- [RECORDS PROVIDED]:
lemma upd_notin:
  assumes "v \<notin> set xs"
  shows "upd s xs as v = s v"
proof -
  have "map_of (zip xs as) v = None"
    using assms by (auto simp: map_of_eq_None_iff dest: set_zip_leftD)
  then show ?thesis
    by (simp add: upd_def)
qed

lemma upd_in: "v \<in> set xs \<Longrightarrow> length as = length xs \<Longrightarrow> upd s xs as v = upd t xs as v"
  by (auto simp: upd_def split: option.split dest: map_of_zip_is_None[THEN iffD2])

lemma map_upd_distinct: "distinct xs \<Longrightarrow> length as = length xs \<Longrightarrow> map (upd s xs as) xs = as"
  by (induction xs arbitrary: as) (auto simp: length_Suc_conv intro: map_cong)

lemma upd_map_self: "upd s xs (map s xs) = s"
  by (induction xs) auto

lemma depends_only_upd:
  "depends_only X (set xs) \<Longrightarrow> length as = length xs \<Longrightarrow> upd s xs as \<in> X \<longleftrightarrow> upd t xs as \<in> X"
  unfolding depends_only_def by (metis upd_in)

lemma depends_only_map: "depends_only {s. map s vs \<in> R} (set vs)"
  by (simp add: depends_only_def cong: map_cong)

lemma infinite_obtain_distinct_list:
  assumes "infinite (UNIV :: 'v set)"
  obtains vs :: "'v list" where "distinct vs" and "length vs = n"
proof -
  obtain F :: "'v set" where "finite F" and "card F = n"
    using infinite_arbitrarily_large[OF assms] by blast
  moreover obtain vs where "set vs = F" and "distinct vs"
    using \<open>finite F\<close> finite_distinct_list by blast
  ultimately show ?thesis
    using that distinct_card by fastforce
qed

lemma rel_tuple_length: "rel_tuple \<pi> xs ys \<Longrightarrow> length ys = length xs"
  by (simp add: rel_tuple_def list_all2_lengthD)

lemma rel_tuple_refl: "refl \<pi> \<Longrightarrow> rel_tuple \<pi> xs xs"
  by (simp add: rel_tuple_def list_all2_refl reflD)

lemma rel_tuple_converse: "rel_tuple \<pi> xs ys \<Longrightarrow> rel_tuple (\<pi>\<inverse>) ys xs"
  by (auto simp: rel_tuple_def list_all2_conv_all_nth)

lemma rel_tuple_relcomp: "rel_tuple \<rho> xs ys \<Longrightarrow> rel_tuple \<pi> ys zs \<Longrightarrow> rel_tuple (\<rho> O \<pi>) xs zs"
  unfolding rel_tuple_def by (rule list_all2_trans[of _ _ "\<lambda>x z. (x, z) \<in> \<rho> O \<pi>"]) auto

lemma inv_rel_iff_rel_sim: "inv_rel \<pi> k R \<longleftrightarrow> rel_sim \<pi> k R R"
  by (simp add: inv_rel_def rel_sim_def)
--
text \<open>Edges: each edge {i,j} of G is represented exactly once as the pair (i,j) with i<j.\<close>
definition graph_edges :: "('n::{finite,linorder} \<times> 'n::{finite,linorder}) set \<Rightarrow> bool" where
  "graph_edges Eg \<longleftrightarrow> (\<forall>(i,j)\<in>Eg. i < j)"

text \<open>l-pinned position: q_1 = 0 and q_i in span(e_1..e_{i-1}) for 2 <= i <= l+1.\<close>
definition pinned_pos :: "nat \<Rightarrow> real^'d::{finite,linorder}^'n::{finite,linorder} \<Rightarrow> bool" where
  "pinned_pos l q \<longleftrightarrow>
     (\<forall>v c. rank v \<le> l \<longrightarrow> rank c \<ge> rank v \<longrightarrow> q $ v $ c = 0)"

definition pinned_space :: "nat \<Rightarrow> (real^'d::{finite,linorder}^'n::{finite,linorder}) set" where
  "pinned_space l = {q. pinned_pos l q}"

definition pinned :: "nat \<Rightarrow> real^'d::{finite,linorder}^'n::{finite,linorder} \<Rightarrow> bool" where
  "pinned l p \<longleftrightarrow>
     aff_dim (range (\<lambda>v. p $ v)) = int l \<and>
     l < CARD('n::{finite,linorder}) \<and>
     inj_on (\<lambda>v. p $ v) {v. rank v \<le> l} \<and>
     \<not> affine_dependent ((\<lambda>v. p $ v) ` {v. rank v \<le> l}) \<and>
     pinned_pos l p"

- [INSTRUCTIONS TO FOLLOW]:
When you reach the line holding "moreover obtain vs" in the records above, begin reproducing exactly, stop after the line holding "by (simp add: inv_rel_def rel_sim_def)", and output nothing else.

- [SOLUTION TO THIS PROBLEM]:
  moreover obtain vs where "set vs = F" and "distinct vs"
    using \<open>finite F\<close> finite_distinct_list by blast
  ultimately show ?thesis
    using that distinct_card by fastforce
qed

lemma rel_tuple_length: "rel_tuple \<pi> xs ys \<Longrightarrow> length ys = length xs"
  by (simp add: rel_tuple_def list_all2_lengthD)

lemma rel_tuple_refl: "refl \<pi> \<Longrightarrow> rel_tuple \<pi> xs xs"
  by (simp add: rel_tuple_def list_all2_refl reflD)

lemma rel_tuple_converse: "rel_tuple \<pi> xs ys \<Longrightarrow> rel_tuple (\<pi>\<inverse>) ys xs"
  by (auto simp: rel_tuple_def list_all2_conv_all_nth)

lemma rel_tuple_relcomp: "rel_tuple \<rho> xs ys \<Longrightarrow> rel_tuple \<pi> ys zs \<Longrightarrow> rel_tuple (\<rho> O \<pi>) xs zs"
  unfolding rel_tuple_def by (rule list_all2_trans[of _ _ "\<lambda>x z. (x, z) \<in> \<rho> O \<pi>"]) auto

lemma inv_rel_iff_rel_sim: "inv_rel \<pi> k R \<longleftrightarrow> rel_sim \<pi> k R R"
  by (simp add: inv_rel_def rel_sim_def)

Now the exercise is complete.